LISTED ENTRIES Start Marker
lemma closed_connected_totally_disconnected_near_eq_sing:
  fixes C :: "'a::euclidean_space set"
  assumes "closed C" "connected C" "c \<in> C" "r > 0"
    and td: "totally_disconnected (C \<inter> cball c r)"
  shows "C = {c}"
proof -
  have "C \<subseteq> cball c r"
  proof (rule ccontr)
    assume "\<not> C \<subseteq> cball c r"
    then obtain D where "connected D" "c \<in> D" "D \<subseteq> C \<inter> cball c r" "D \<inter> sphere c r \<noteq> {}"
      using boundary_bumping_cball assms(1-4) by (metis less_imp_le)
    moreover from this have "D = {c}"
      using td connected_subset_totally_disconnected_eq_sing by blast
    ultimately show False
      using \<open>r > 0\<close> by simp
  qed
  then show ?thesis
    using td assms connected_subset_totally_disconnected_eq_sing by blast
qed

lemma frontier_component_separating:
  fixes R :: "'a::euclidean_space set"
  assumes "open R" "a \<in> R" "b \<notin> closure R"
  obtains C c where "C \<in> components (frontier R)" "\<not> connected_component (- C) a b"
    and "c \<in> C" "c \<in> closed_segment a b"
proof -
  have "\<not> connected_component (- frontier R) a b"
  proof
    assume "connected_component (- frontier R) a b"
    then obtain T where "connected T" "T \<subseteq> - frontier R" "a \<in> T" "b \<in> T"
      unfolding connected_component_def by blast
    with assms(2,3) closure_subset connected_Int_frontier[of T R] show False
      by blast
  qed
  then obtain C where C: "C \<in> components (frontier R)" "\<not> connected_component (- C) a b"
    using separation_by_component_closed_pointwise[OF frontier_closed] by blast
  moreover have "\<not> closed_segment a b \<subseteq> - C"
    using C(2) connected_componentI[OF connected_segment, of a b "- C" a b] by auto
  ultimately show ?thesis
    using that by blast
qed

lemma frontier_not_totally_disconnected_near:
  fixes R :: "'a::euclidean_space set"
  assumes "2 \<le> DIM('a)" "open R" "z \<in> closure R" "z \<notin> interior (closure R)" "r > 0"
  shows "\<not> totally_disconnected (frontier R \<inter> ball z r)"
proof
  assume td: "totally_disconnected (frontier R \<inter> ball z r)"
  define \<delta> where "\<delta> = r / 4"
  have "\<delta> > 0"
    using \<open>r > 0\<close> by (simp add: \<delta>_def)
  obtain a where a: "a \<in> R" "dist a z < \<delta>"
    using \<open>z \<in> closure R\<close> \<open>\<delta> > 0\<close> closure_approachable by blast
  obtain b where b: "b \<notin> closure R" "dist b z < \<delta>"
    using \<open>z \<notin> interior (closure R)\<close> \<open>\<delta> > 0\<close> unfolding mem_interior
    by (auto simp: subset_eq dist_commute)
  obtain C c where C: "C \<in> components (frontier R)" "\<not> connected_component (- C) a b"
    and c: "c \<in> C" "c \<in> closed_segment a b"
    using frontier_component_separating[OF \<open>open R\<close> a(1) b(1)] .
  have "closed_segment a b \<subseteq> ball z \<delta>"
    using a(2) b(2) by (intro closed_segment_subset convex_ball) (auto simp: dist_commute)
  with c have "dist z c < \<delta>"
    by auto
  then have "cball c (r / 2) \<subseteq> ball z r"
    using \<open>r > 0\<close> by (simp add: cball_subset_ball_iff \<delta>_def dist_commute)
  then have "C \<inter> cball c (r / 2) \<subseteq> frontier R \<inter> ball z r"
    using in_components_subset[OF C(1)] by blast
  then have "C = {c}"
    using closed_connected_totally_disconnected_near_eq_sing[of C c "r / 2"]
      closed_components[OF frontier_closed C(1)] in_components_connected[OF C(1)] c(1) \<open>r > 0\<close>
      totally_disconnected_subset[OF td] by auto
  moreover have "a \<notin> frontier R" "b \<notin> frontier R"
    using a(1) b(1) \<open>open R\<close> by (auto simp: frontier_def interior_open)
  ultimately have "connected_component (- C) a b"
    using c(1) in_components_subset[OF C(1)]
    by (intro connected_componentI[OF connected_punctured_universe[OF assms(1)]]) auto
  with C(2) show False ..
qed

lemma ecard_bij_betw: "bij_betw h A B \<Longrightarrow> ecard A = ecard B"
  unfolding ecard_def using bij_betw_finite bij_betw_same_card by metis

lemma evenly_covered_fibre_bij_betw:
  assumes "\<Union>v = C \<inter> p -` T" "pairwise disjnt v" "\<And>u. u \<in> v \<Longrightarrow> homeomorphism u T p (Q u)"
    and "y \<in> T"
  shows "bij_betw (\<lambda>u. Q u y) v {x\<in>C. p x = y}"
proof (rule bij_betw_imageI)
  have Quy: "Q u y \<in> u" "p (Q u y) = y" if "u \<in> v" for u
  proof -
    have "Q u y \<in> Q u ` T"
      using \<open>y \<in> T\<close> by (rule imageI)
    then show "Q u y \<in> u"
      using homeomorphism_image2[OF assms(3)[OF that]] by simp
    show "p (Q u y) = y"
      using homeomorphism_apply2[OF assms(3)[OF that] \<open>y \<in> T\<close>] .
  qed
  show "inj_on (\<lambda>u. Q u y) v"
    using assms(2) Quy(1) by (intro inj_onI) (metis disjnt_iff pairwiseD)
  show "(\<lambda>u. Q u y) ` v = {x\<in>C. p x = y}"
  proof
    show "(\<lambda>u. Q u y) ` v \<subseteq> {x\<in>C. p x = y}"
      using Quy assms(1) by blast
    show "{x\<in>C. p x = y} \<subseteq> (\<lambda>u. Q u y) ` v"
    proof
      fix x assume "x \<in> {x\<in>C. p x = y}"
      then obtain u where "u \<in> v" "x \<in> u" "p x = y"
        using assms(1) \<open>y \<in> T\<close> by blast
      then have "Q u y = x"
        using homeomorphism_apply1[OF assms(3)[OF \<open>u \<in> v\<close>] \<open>x \<in> u\<close>] by simp
      with \<open>u \<in> v\<close> show "x \<in> (\<lambda>u. Q u y) ` v"
        by blast
    qed
  qed
qed

lemma covering_space_ecard_fibre_eq:
  assumes cov: "covering_space C p S" and "connected S" "y \<in> S" "y' \<in> S"
  shows "ecard {x\<in>C. p x = y} = ecard {x\<in>C. p x = y'}"
proof -
  have "(\<lambda>y. ecard {x\<in>C. p x = y}) constant_on S"
  proof (rule locally_constant_imp_constant[OF \<open>connected S\<close>])
    fix a assume "a \<in> S"
    with cov have "\<exists>T. a \<in> T \<and> openin (top_of_set S) T \<and> (\<exists>v. \<Union>v = C \<inter> p -` T \<and>
        (\<forall>u\<in>v. openin (top_of_set C) u) \<and> pairwise disjnt v \<and> (\<forall>u\<in>v. \<exists>q. homeomorphism u T p q))"
      by (simp add: covering_space_def)
    then obtain T v where T: "a \<in> T" "openin (top_of_set S) T" "\<Union>v = C \<inter> p -` T"
      and disj: "pairwise disjnt v" and homeo: "\<forall>u\<in>v. \<exists>q. homeomorphism u T p q"
      by (elim exE conjE) blast
    from bchoice[OF homeo] obtain Q where Q: "\<And>u. u \<in> v \<Longrightarrow> homeomorphism u T p (Q u)"
      by blast
    have "ecard {x\<in>C. p x = y} = ecard v" if "y \<in> T" for y
      using ecard_bij_betw[OF evenly_covered_fibre_bij_betw[OF T(3) disj Q that]] by simp
    with T(1,2) show "\<exists>T. openin (top_of_set S) T \<and> a \<in> T \<and>
                 (\<forall>y\<in>T. ecard {x\<in>C. p x = y} = ecard {x\<in>C. p x = a})"
      by auto
  qed
  with assms show ?thesis
    unfolding constant_on_def by auto
qed

lemma covering_space_inj_on_simply_connected:
  fixes p :: "'a::real_normed_vector \<Rightarrow> 'b::real_normed_vector"
  assumes cov: "covering_space C p S" and "connected C"
    and "simply_connected S" and "locally path_connected S"
  shows "inj_on p C"
proof (cases "C = {}")
  case False
  have contp: "continuous_on C p" and pC: "p ` C = S"
    using cov by (simp_all add: covering_space_imp_continuous covering_space_imp_surjective)
  obtain g where contg: "continuous_on S g" and gS: "g \<in> S \<rightarrow> C" and pg: "\<And>y. y \<in> S \<Longrightarrow> p (g y) = y"
    using covering_space_lift[OF cov assms(3,4) continuous_on_id] by auto
  from False obtain x0 where "x0 \<in> C"
    by blast
  define a where "a = g (p x0)"
  have "a \<in> C" "g (p a) = a"
    using \<open>x0 \<in> C\<close> gS pg pC by (auto simp: a_def)
  have "g (p x) = x" if "x \<in> C" for x
  proof (rule covering_space_lift_unique[of C p S "\<lambda>x. g (p x)" a "\<lambda>x. x" C p x,
        OF cov \<open>g (p a) = a\<close> contp])
    show "continuous_on C (\<lambda>x. g (p x))"
      using continuous_on_compose2[OF contg contp] pC by blast
  qed (use contp pC gS pg \<open>connected C\<close> \<open>a \<in> C\<close> that in \<open>auto intro: continuous_on_id\<close>)
  then show ?thesis
    by (metis inj_onI)
qed simp

lemma finite_disjoint_balls:
  fixes P :: "'a::metric_space set"
  assumes "finite P"
  shows "\<exists>e>0. \<forall>p\<in>P. \<forall>q\<in>P. p \<noteq> q \<longrightarrow> ball p e \<inter> ball q e = {}"
  using assms
proof (induction P rule: finite_induct)
  case (insert x P)
  obtain e where "e > 0" and e: "\<forall>p\<in>P. \<forall>q\<in>P. p \<noteq> q \<longrightarrow> ball p e \<inter> ball q e = {}"
    using insert.IH by blast
  obtain d where "d > 0" and d: "\<forall>q\<in>P. q \<noteq> x \<longrightarrow> d \<le> dist x q"
    using finite_set_avoid[OF insert.hyps(1)] by blast
  have "ball x (min e (d / 2)) \<inter> ball q (min e (d / 2)) = {}" if "q \<in> P" "q \<noteq> x" for q
    using d that by (intro disjoint_ballI) auto
  with e \<open>e > 0\<close> \<open>d > 0\<close> show ?case
    by (intro exI[of _ "min e (d / 2)"]) (fastforce simp: Int_commute)
qed (auto intro: exI[of _ 1])

text \<open>Boundedness of \<open>K\<close> together with \<open>frontier_avoids\<close> makes \<open>f : K \<rightarrow> B\<close> a proper map.\<close>

locale proper_local_homeomorphism =
  fixes f :: "'a::euclidean_space \<Rightarrow> 'a" and K B :: "'a set"
  assumes continuous: "continuous_on (closure K) f"
    and open_domain: "open K" and bounded_domain: "bounded K" and open_target: "open B"
    and image_subset: "f ` K \<subseteq> B"
    and frontier_avoids: "\<And>z. z \<in> frontier K \<Longrightarrow> f z \<notin> B"
    and locally_injective: "\<And>z. z \<in> K \<Longrightarrow> \<exists>r>0. inj_on f (ball z r)"
begin

lemma fibre_eq_closure: "w \<in> B \<Longrightarrow> {z\<in>K. f z = w} = {z\<in>closure K. f z = w}"
  using frontier_avoids closure_subset open_domain by (auto simp: frontier_def interior_open)

lemma compact_fibre: "w \<in> B \<Longrightarrow> compact {z\<in>K. f z = w}"
  using fibre_eq_closure continuous_closed_preimage_constant[OF continuous closed_closure]
    bounded_subset[OF bounded_closure[OF bounded_domain], of "{z\<in>closure K. f z = w}"]
  by (simp add: compact_eq_bounded_closed)

lemma finite_fibre:
  assumes "w \<in> B"
  shows "finite {z\<in>K. f z = w}"
proof (rule ccontr)
  assume "infinite {z\<in>K. f z = w}"
  then obtain p where p: "p \<in> {z\<in>K. f z = w}" "p islimpt {z\<in>K. f z = w}"
    using compact_fibre[OF assms] unfolding compact_eq_Bolzano_Weierstrass by blast
  then obtain r where "r > 0" "inj_on f (ball p r)"
    using locally_injective by blast
  moreover obtain q where "q \<in> {z\<in>K. f z = w}" "q \<noteq> p" "dist q p < r"
    using p(2) \<open>r > 0\<close> islimpt_approachable by blast
  ultimately show False
    using p(1) \<open>r > 0\<close> by (auto simp: inj_on_def dist_commute)
qed

lemma open_image:
  assumes "open U" "U \<subseteq> K"
  shows "open (f ` U)"
  unfolding open_subopen[of "f ` U"]
proof
  fix w assume "w \<in> f ` U"
  then obtain z where "z \<in> U" "w = f z"
    by blast
  then obtain r where "r > 0" "inj_on f (ball z r)"
    using locally_injective assms(2) by blast
  have "open (f ` (U \<inter> ball z r))"
  proof (rule invariance_of_domain)
    show "continuous_on (U \<inter> ball z r) f"
      using continuous assms(2) closure_subset by (blast intro: continuous_on_subset)
    show "inj_on f (U \<inter> ball z r)"
      using \<open>inj_on f (ball z r)\<close> by (rule inj_on_subset) blast
  qed (use assms(1) in auto)
  with \<open>z \<in> U\<close> \<open>w = f z\<close> \<open>r > 0\<close> show "\<exists>T. open T \<and> w \<in> T \<and> T \<subseteq> f ` U"
    by (intro exI[of _ "f ` (U \<inter> ball z r)"]) auto
qed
LISTED ENTRIES End Marker
### EXERCISE BRIEF
Output exactly one stretch of the listing: from the line containing "by (metis inj_onI)" through the line containing "case (insert x P)", both end lines included.

### EXERCISE ANSWER
    by (metis inj_onI)
qed simp

lemma finite_disjoint_balls:
  fixes P :: "'a::metric_space set"
  assumes "finite P"
  shows "\<exists>e>0. \<forall>p\<in>P. \<forall>q\<in>P. p \<noteq> q \<longrightarrow> ball p e \<inter> ball q e = {}"
  using assms
proof (induction P rule: finite_induct)
  case (insert x P)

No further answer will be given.